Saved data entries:

(* Let $q\ge2$, $r\ge2$, $t,s\ge0$ be integers, let $M=\sum_{i=1}^{t}A_{t-i,s}(r-1)+\sum_{i=1}^{s}A_{t,s-i}(r-1)+1$, and let $\mathbf{y}_1,\dots,\mathbf{y}_M$ be distinct sequences and $\mathbf{x}\in J_r^*$ a sequence with $\mathbf{y}_i\in\mathcal{B}_{t,s}(\mathbf{x})$ for all $i\in[M]$. Write $\phi(\mathbf{y}_i)=\mathbf{v}_i=(v_{i,1},\dots,v_{i,r})$ and $\phi(\mathbf{x})=\mathbf{u}=(u_1,\dots,u_r)$. For $j\in[r]$ let $a_j=\min_{i\in[M]}v_{i,j}$, $b_j=\max_{i\in[M]}v_{i,j}$, and for each integer $k$ let $c_{j,k}$ be the number of indices $i\in[M]$ with $v_{i,j}=k$ (so $\sum_{k=a_j}^{b_j}c_{j,k}=M$). Then for every $j\in[r]$: (1) $b_j-t\le u_j\le a_j+s$; (2) for every integer $k$ with $a_j\le k<u_j$, $c_{j,k}\le A_{t,\,s-u_j+k}(r-1)$; (3) for every integer $k$ with $u_j<k\le b_j$, $c_{j,k}\le A_{t-k+u_j,\,s}(r-1)$.
   Context: $\Sigma_q=\{0,\dots,q-1\}$. Every finite string $\mathbf{x}$ over $\Sigma_q$ is uniquely $c_1^{u_1}\cdots c_r^{u_r}$ with $c_i\ne c_{i+1}$, $u_i\ge1$; $r$ is its number of runs, $J_r^*$ the set of strings with exactly $r$ runs, and $\phi(\mathbf{x})=(u_1,\dots,u_r)\in\mathbb{Z}_+^r$ its run-length vector. The sticky-insdel ball $\mathcal{B}_{t,s}(\mathbf{x})$ (strings obtainable by at most $t$ sticky insertions, i.e. duplications of a symbol within its run, and at most $s$ sticky deletions, i.e. deletions of a symbol from a run of length $\ge2$) is the set of strings $c_1^{v_1}\cdots c_r^{v_r}$ with $(v_1,\dots,v_r)\in\mathbb{Z}_+^r$, $\sum_i\max\{0,u_i-v_i\}\le s$ and $\sum_i\max\{0,v_i-u_i\}\le t$. The numbers $A_{t,s}(r)$ (integers $t,s$, $r\ge1$): $A_{t,s}(r)=0$ if $t<0$ or $s<0$; $A_{t,s}(1)=t+s+1$ for $t,s\ge0$; for $r\ge2$, $t,s\ge0$: $A_{t,s}(r)=\sum_{i=1}^{t}A_{t-i,s}(r-1)+\sum_{i=1}^{s}A_{t,s-i}(r-1)+A_{t,s}(r-1)$. *)

theory Defs
  imports Main
begin
lemma last_phi_block_nested:
  assumes "finite S" "S \<noteq> {}" "(\<sigma>, \<rho>) \<in> nested_pairs S"
  shows "last_phi_block (nested_coloring \<sigma> \<rho>) (nested_partition \<sigma> \<rho>) S \<in> \<sigma>"
proof -
  note p = nested_pairsD(2)[OF assms(3)]
  have "finite \<sigma>" "\<sigma> \<noteq> {}"
    using finite_elements[OF assms(1) p] p assms(2) by (auto simp: partition_on_def)
  then obtain V where V: "V \<in> \<sigma>" "Min V = Max (Min ` \<sigma>)"
    by (metis (no_types, lifting) Max_in empty_is_image finite_imageI imageE)
  have "Min V \<in> S"
    using partition_on_block_Min_Max(3)[OF assms(1) p V(1)] .
  then obtain B where B: "B \<in> nested_partition \<sigma> \<rho>" "Min V \<in> B"
    using partition_on_block_exists[OF partition_on_nested_partition[OF assms(3)]] by blast
  have "last_phi_block (nested_coloring \<sigma> \<rho>) (nested_partition \<sigma> \<rho>) S =
      {x\<in>S. Min V \<le> x \<and> x \<le> Max V}"
    using block_of_eq[OF partition_on_nested_partition[OF assms(3)] B]
      nested_partition_block_Max[OF assms(1,3) V(1) B] V(2)
    by (simp add: last_phi_block_def nested_coloring_Opening_phi_positions[OF assms(1,3)])
  also have "\<dots> = V"
    using interval_in_eq[OF partition_on_block_finite[OF assms(1) p V(1)]
        partition_on_block_subset[OF p V(1)]
        NC_on_last_opened_block_interval[OF assms(1) nested_pairsD(1)[OF assms(3)] V]] by simp
  finally show ?thesis
    using V(1) by simp
qed
definition weakly_normal :: "'a set \<Rightarrow> 'a set set \<Rightarrow> bool" where
  "weakly_normal X Op \<longleftrightarrow>
     (\<forall>A B. ((\<exists>x\<in>X. A = {x}) \<or> A \<in> Cl X Op) \<and> ((\<exists>x\<in>X. B = {x}) \<or> B \<in> Cl X Op) \<and>
            A \<inter> B = {} \<longrightarrow> (\<exists>U\<in>Op. \<exists>V\<in>Op. A \<subseteq> U \<and> B \<subseteq> V \<and> U \<inter> V = {}))"

definition filter_in :: "'a set set \<Rightarrow> 'a set set \<Rightarrow> bool" where
  "filter_in L p \<longleftrightarrow> p \<subseteq> L \<and> p \<noteq> {} \<and> {} \<notin> p \<and>
     (\<forall>A\<in>p. \<forall>B\<in>p. A \<inter> B \<in> p) \<and> (\<forall>A\<in>p. \<forall>B\<in>L. A \<subseteq> B \<longrightarrow> B \<in> p)"

definition ultrafilter_in :: "'a set set \<Rightarrow> 'a set set \<Rightarrow> bool" where
  "ultrafilter_in L p \<longleftrightarrow> filter_in L p \<and> (\<forall>q. filter_in L q \<and> p \<subseteq> q \<longrightarrow> q = p)"

definition wallman_points :: "'a set \<Rightarrow> 'a set set \<Rightarrow> 'a set set set" where
  "wallman_points X Op = {p. ultrafilter_in (Cl X Op) p}"

definition wallman_bracket :: "'a set \<Rightarrow> 'a set set \<Rightarrow> 'a set \<Rightarrow> 'a set set set" where
  "wallman_bracket X Op A = {p \<in> wallman_points X Op. A \<in> p}"

definition wallman_topology :: "'a set \<Rightarrow> 'a set set \<Rightarrow> 'a set set topology" where
  "wallman_topology X Op =
     topology_generated_by {wallman_points X Op - wallman_bracket X Op A | A. A \<in> Cl X Op}"

definition w_map :: "'a set \<Rightarrow> 'a set set \<Rightarrow> 'a \<Rightarrow> 'a set set" where
  "w_map X Op x = {A \<in> Cl X Op. x \<in> A}"

definition wallman_extension ::
  "'a set \<Rightarrow> 'a set set \<Rightarrow> 'b set \<Rightarrow> 'b set set \<Rightarrow> ('a \<Rightarrow> 'b) \<Rightarrow> ('a set set \<Rightarrow> 'b set set) \<Rightarrow> bool" where
  "wallman_extension X OpX Y OpY f F \<longleftrightarrow>
     (\<forall>p\<in>wallman_points X OpX. F p \<in> wallman_points Y OpY) \<and>
     (\<forall>x\<in>X. F (w_map X OpX x) = w_map Y OpY (f x))"

definition weakly_continuous_wallman_extension ::
  "'a set \<Rightarrow> 'a set set \<Rightarrow> 'b set \<Rightarrow> 'b set set \<Rightarrow> ('a \<Rightarrow> 'b) \<Rightarrow> ('a set set \<Rightarrow> 'b set set) \<Rightarrow> bool" where
  "weakly_continuous_wallman_extension X OpX Y OpY f F \<longleftrightarrow>
     wallman_extension X OpX Y OpY f F \<and>
     continuous_map (wallman_topology X OpX) (wallman_topology Y OpY) F"

definition fam_refines :: "'a set set \<Rightarrow> 'a set set \<Rightarrow> bool" where
  "fam_refines \<U> \<V> \<longleftrightarrow> (\<forall>U\<in>\<U>. \<exists>V\<in>\<V>. U \<subseteq> V) \<and> \<Union>\<U> = \<Union>\<V>"

definition w_continuous ::
  "'a set \<Rightarrow> 'a set set \<Rightarrow> 'b set \<Rightarrow> 'b set set \<Rightarrow> ('a \<Rightarrow> 'b) \<Rightarrow> bool" where
  "w_continuous X OpX Y OpY f \<longleftrightarrow>
     (\<forall>\<V>. finite \<V> \<and> \<V> \<subseteq> OpY \<and> \<Union>\<V> = Y \<longrightarrow>
        (\<exists>\<U>. finite \<U> \<and> \<U> \<subseteq> OpX \<and> \<Union>\<U> = X \<and>
              fam_refines \<U> ((\<lambda>V. {x \<in> X. f x \<in> V}) ` \<V>)))"

end

theory Submission
  imports Defs
begin

text \<open>A continuous extension F pulls back the basic open sets W - [Y - V] of a finite open
  cover of Y to an open cover of the compact space W(X); a finite refinement by basic open sets
  W - [A] gives closed sets A of X whose complements cover X and refine the preimages of the V.
  Conversely, for w-continuous f the closed sets of Y containing the image of a member of an
  ultrafilter p form a filter, which compactness of W(Y) extends to an ultrafilter F(p).
  Applying w-continuity to two-element covers obtained by weak normality of Y shows that this
  extension is unique, whence F(w(x)) = w(f(x)), and that each set {p. B \<notin> F(p)} is open.\<close>

section \<open>Closed sets and filters\<close>

lemma gts_opens:
  assumes "gts X Op Cov"
  shows "Op \<subseteq> Pow X" "{} \<in> Op" "X \<in> Op"
    and "U \<in> Op \<Longrightarrow> V \<in> Op \<Longrightarrow> U \<union> V \<in> Op"
    and "U \<in> Op \<Longrightarrow> V \<in> Op \<Longrightarrow> U \<inter> V \<in> Op"
proof -
  have "Op \<subseteq> Pow X" "{} \<in> Op" "X \<in> Op" "\<forall>U\<in>Op. \<forall>V\<in>Op. U \<union> V \<in> Op \<and> U \<inter> V \<in> Op"
    using assms unfolding gts_def by simp_all
  then show "Op \<subseteq> Pow X" "{} \<in> Op" "X \<in> Op"
    and "U \<in> Op \<Longrightarrow> V \<in> Op \<Longrightarrow> U \<union> V \<in> Op"
    and "U \<in> Op \<Longrightarrow> V \<in> Op \<Longrightarrow> U \<inter> V \<in> Op"
    by blast+
qed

_WORK TO COMPLETE_
Every line above in which the word "lemma" is present must be copied into the answer.

_FINAL ANSWER_
lemma last_phi_block_nested:
lemma gts_opens:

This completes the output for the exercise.